= Source data =
(* For $\boldsymbol\ell\in\{0,\dots,N-1\}^d$ let $$\psi_{\boldsymbol\ell}=\frac1{\sqrt{\|G_{\boldsymbol\ell}\|_1}}\sum_{\mathbf{m}\in\mathbb{Z}^d}G[\mathbf{m}N+\boldsymbol\ell]\,\phi_{\mathbf{m}N+\boldsymbol\ell}.$$ Then $\mathcal{T}_K^{N,d}\psi_{\boldsymbol\ell}=\|G_{\boldsymbol\ell}\|_1\psi_{\boldsymbol\ell}$, $\|\psi_{\boldsymbol\ell}\|_{\mathcal{H}}=1$, $\|\psi_{\boldsymbol\ell}\|=\frac{\|G_{\boldsymbol\ell}\|}{\sqrt{\|G_{\boldsymbol\ell}\|_1}}$, and $\langle\psi_{\boldsymbol\ell},\psi_{\mathbf{k}}\rangle=0$ for $\mathbf{k}\ne\boldsymbol\ell$.
   Context: Let $\mathbb{T}=[-\pi,\pi)$, $j=\sqrt{-1}$, $\phi_{\mathbf{k}}(\mathbf{x})=e^{j\langle\mathbf{k},\mathbf{x}\rangle}$ for $\mathbf{k}\in\mathbb{Z}^d$, $\mu$ uniform probability measure on $\mathbb{T}^d$, $\langle\cdot,\cdot\rangle$ and $\|\cdot\|$ the $L^2_\mu$ inner product and norm. $K(\mathbf{x},\mathbf{x}')=g(M((\mathbf{x}-\mathbf{x}')\bmod\mathbb{T}^d))$ is a positive definite kernel with RKHS $\mathcal{H}$ (coordinatewise $\theta\bmod\mathbb{T}:=((\theta+\pi)\bmod2\pi)-\pi$), Fourier coefficients $G[\mathbf{k}]=(2\pi)^{-d}\int_{\mathbb{T}^d}g(M\boldsymbol\theta)e^{-j\langle\mathbf{k},\boldsymbol\theta\rangle}d\boldsymbol\theta\ge0$, $\sum G[\mathbf{k}]<\infty$, and $\|f\|_{\mathcal{H}}^2=\sum_{\mathbf{k}}|\langle f,\phi_{\mathbf{k}}\rangle|^2/G[\mathbf{k}]$. For even $N$, grid points $\mathbf{x}_{\mathbf{p}}$, $\mathbf{p}\in\{0,\dots,N-1\}^d$, $(\mathbf{x}_{\mathbf{p}})_i=\frac{2\pi}{N}p_i-\pi$, with invertible kernel matrix. $\mathcal{T}_K^{N,d}f(\mathbf{x})=N^{-d}\sum_{\mathbf{p}}K(\mathbf{x},\mathbf{x}_{\mathbf{p}})f(\mathbf{x}_{\mathbf{p}})$. $\|G_{\boldsymbol\ell}\|_1=\sum_{\mathbf{m}}|G[\mathbf{m}N+\boldsymbol\ell]|$, $\|G_{\boldsymbol\ell}\|^2=\sum_{\mathbf{m}}|G[\mathbf{m}N+\boldsymbol\ell]|^2$. *)

theory Defs
  imports "HOL-Analysis.Analysis"
begin
lemma orbit_eqrel_iff_meager_section:
  assumes "equiv UNIV F" "F \<in> sets borel" "F \<subseteq> orbit_eqrel act"
    and "\<forall>x. countable {F `` {y} | y. (x, y) \<in> orbit_eqrel act}"
    and basis: "topological_basis Bs"
  shows "z \<in> orbit_eqrel act \<longleftrightarrow> (\<exists>W\<in>Bs. W \<noteq> {} \<and> meager (W - Pair z -` related_translates F))"
proof
  obtain x y where z: "z = (x, y)" by fastforce
  assume "z \<in> orbit_eqrel act"
  then obtain k where "y = act k x" using z unfolding orbit_eqrel_def by auto
  then obtain U V where UV: "open U" "open V" "U \<noteq> {}" "V \<noteq> {}"
    and m: "meager (U \<times> V - Pair z -` related_translates F)"
    using comeager_related_translates_section[OF assms(1,2) spec[OF assms(4), of x]] z by blast
  obtain u v where uv: "(u, v) \<in> U \<times> V" using UV(3,4) by blast
  obtain W where W: "W \<in> Bs" "(u, v) \<in> W" "W \<subseteq> U \<times> V"
    by (rule topological_basisE[OF basis open_Times[OF UV(1,2)] uv])
  have "W - Pair z -` related_translates F \<subseteq> U \<times> V - Pair z -` related_translates F"
    using W(3) by blast
  then show "\<exists>W\<in>Bs. W \<noteq> {} \<and> meager (W - Pair z -` related_translates F)"
    using meager_subset[OF m] W(1,2) by blast
next
  assume "\<exists>W\<in>Bs. W \<noteq> {} \<and> meager (W - Pair z -` related_translates F)"
  then obtain W where W: "W \<in> Bs" "W \<noteq> {}" "meager (W - Pair z -` related_translates F)"
    by blast
  have "\<not> meager W" using open_not_meager[OF topological_basis_open[OF basis W(1)] W(2)] .
  have "W \<inter> Pair z -` related_translates F \<noteq> {}"
  proof
    assume "W \<inter> Pair z -` related_translates F = {}"
    then have "W - Pair z -` related_translates F = W" by blast
    then show False using W(3) \<open>\<not> meager W\<close> by simp
  qed
  then obtain x y g h where "z = (x, y)" "(act g x, act h y) \<in> F"
    unfolding related_translates_def by auto
  then show "z \<in> orbit_eqrel act" using assms(3) orbit_eqrel_act_cancel by blast
qed
text \<open>If \<open>e\<^sub>i \<notin> M\<close> for a modular ideal \<open>M\<close> with unit \<open>u\<close>, then no \<open>m \<in> M\<close> has a nonzero
  \<open>i\<close>-th coordinate: otherwise \<open>e\<^sub>i m = m\<^sub>i e\<^sub>i\<^sup>2\<close> and \<open>e\<^sub>i - e\<^sub>i u = e\<^sub>i - u\<^sub>i e\<^sub>i\<^sup>2\<close> would put \<open>e\<^sub>i\<close>
  into \<open>M\<close>. So \<open>M\<close> lies in the hyperplane \<open>x\<^sub>i = 0\<close>, and reading off the \<open>i\<close>-th coordinate
  of \<open>e\<^sub>j - e\<^sub>j u \<in> M\<close> shows that \<open>i\<close> is a modular index. Conversely, for a modular index
  \<open>i\<close> the hyperplane is an ideal of codimension one with unit \<open>e\<^sub>i / \<omega>\<^sub>i\<^sub>i\<close>, hence maximal.\<close>

definition evo_hyperplane :: "'i \<Rightarrow> ('i \<Rightarrow> 'k::real_normed_field) set" where
  "evo_hyperplane i = {x \<in> evo_carrier. x i = 0}"

lemma evo_mult_eq_sum:
  assumes "finite F" "{j. x j \<noteq> 0} \<subseteq> F"
  shows "evo_mult w x y k = (\<Sum>j\<in>F. x j * y j * w k j)"
  unfolding evo_mult_def
  by (rule sum.mono_neutral_left) (use assms in auto)

lemma evo_mult_single_support:
  assumes "{i. x i \<noteq> 0} \<subseteq> {j}"
  shows "evo_mult w x y = (\<lambda>k. x j * y j * w k j)"
  using evo_mult_eq_sum[of "{j}" x] assms by auto

lemma evo_mult_basis: "evo_mult w (evo_basis j) y = (\<lambda>k. y j * w k j)"
  by (subst evo_mult_single_support[of _ j]) (auto simp: evo_basis_def)

lemma evo_mult_commute: "evo_mult w x y = evo_mult w y x"
  unfolding evo_mult_def by (auto simp: conj_commute ac_simps)

lemma evo_carrier_add: "x \<in> evo_carrier \<Longrightarrow> y \<in> evo_carrier \<Longrightarrow> evo_add x y \<in> evo_carrier"
  unfolding evo_carrier_def evo_add_def
  by (auto intro: finite_subset[of _ "{i. x i \<noteq> 0} \<union> {i. y i \<noteq> 0}"])

lemma evo_carrier_scale: "x \<in> evo_carrier \<Longrightarrow> evo_scale c x \<in> evo_carrier"
  unfolding evo_carrier_def evo_scale_def
  by (auto intro: finite_subset[of _ "{i. x i \<noteq> 0}"])

lemma evo_carrier_diff: "x \<in> evo_carrier \<Longrightarrow> y \<in> evo_carrier \<Longrightarrow> evo_diff x y \<in> evo_carrier"
  unfolding evo_carrier_def evo_diff_def
  by (auto intro: finite_subset[of _ "{i. x i \<noteq> 0} \<union> {i. y i \<noteq> 0}"])

lemma evo_carrier_basis: "evo_basis i \<in> evo_carrier"
  unfolding evo_carrier_def evo_basis_def by auto

lemma evo_carrier_zero: "(\<lambda>_. 0) \<in> evo_carrier"
  unfolding evo_carrier_def by auto

lemma evo_carrier_mult:
  assumes "evo_structure w" "x \<in> evo_carrier"
  shows "evo_mult w x y \<in> evo_carrier"
proof -
  let ?F = "{j. x j \<noteq> 0}"
  have fin: "finite ?F" using assms(2) by (simp add: evo_carrier_def)
  have "{k. evo_mult w x y k \<noteq> 0} \<subseteq> (\<Union>j\<in>?F. {k. w k j \<noteq> 0})"
  proof
    fix k assume "k \<in> {k. evo_mult w x y k \<noteq> 0}"
    then have "(\<Sum>j\<in>?F. x j * y j * w k j) \<noteq> 0"
      using evo_mult_eq_sum[OF fin, of x w y k] by simp
    then obtain j where "j \<in> ?F" "x j * y j * w k j \<noteq> 0" by (meson sum.neutral)
    then show "k \<in> (\<Union>j\<in>?F. {k. w k j \<noteq> 0})" by auto
  qed
  moreover have "finite (\<Union>j\<in>?F. {k. w k j \<noteq> 0})"
    using fin assms(1) by (auto simp: evo_structure_def)
  ultimately show ?thesis unfolding evo_carrier_def by (auto intro: finite_subset)
qed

= Problem =
Go through the records above, find each line with the string "assms", and copy it.

= Output of the exercise =
    using comeager_related_translates_section[OF assms(1,2) spec[OF assms(4), of x]] z by blast
  then show "z \<in> orbit_eqrel act" using assms(3) orbit_eqrel_act_cancel by blast
  by (rule sum.mono_neutral_left) (use assms in auto)
  using evo_mult_eq_sum[of "{j}" x] assms by auto
  have fin: "finite ?F" using assms(2) by (simp add: evo_carrier_def)
    using fin assms(1) by (auto simp: evo_structure_def)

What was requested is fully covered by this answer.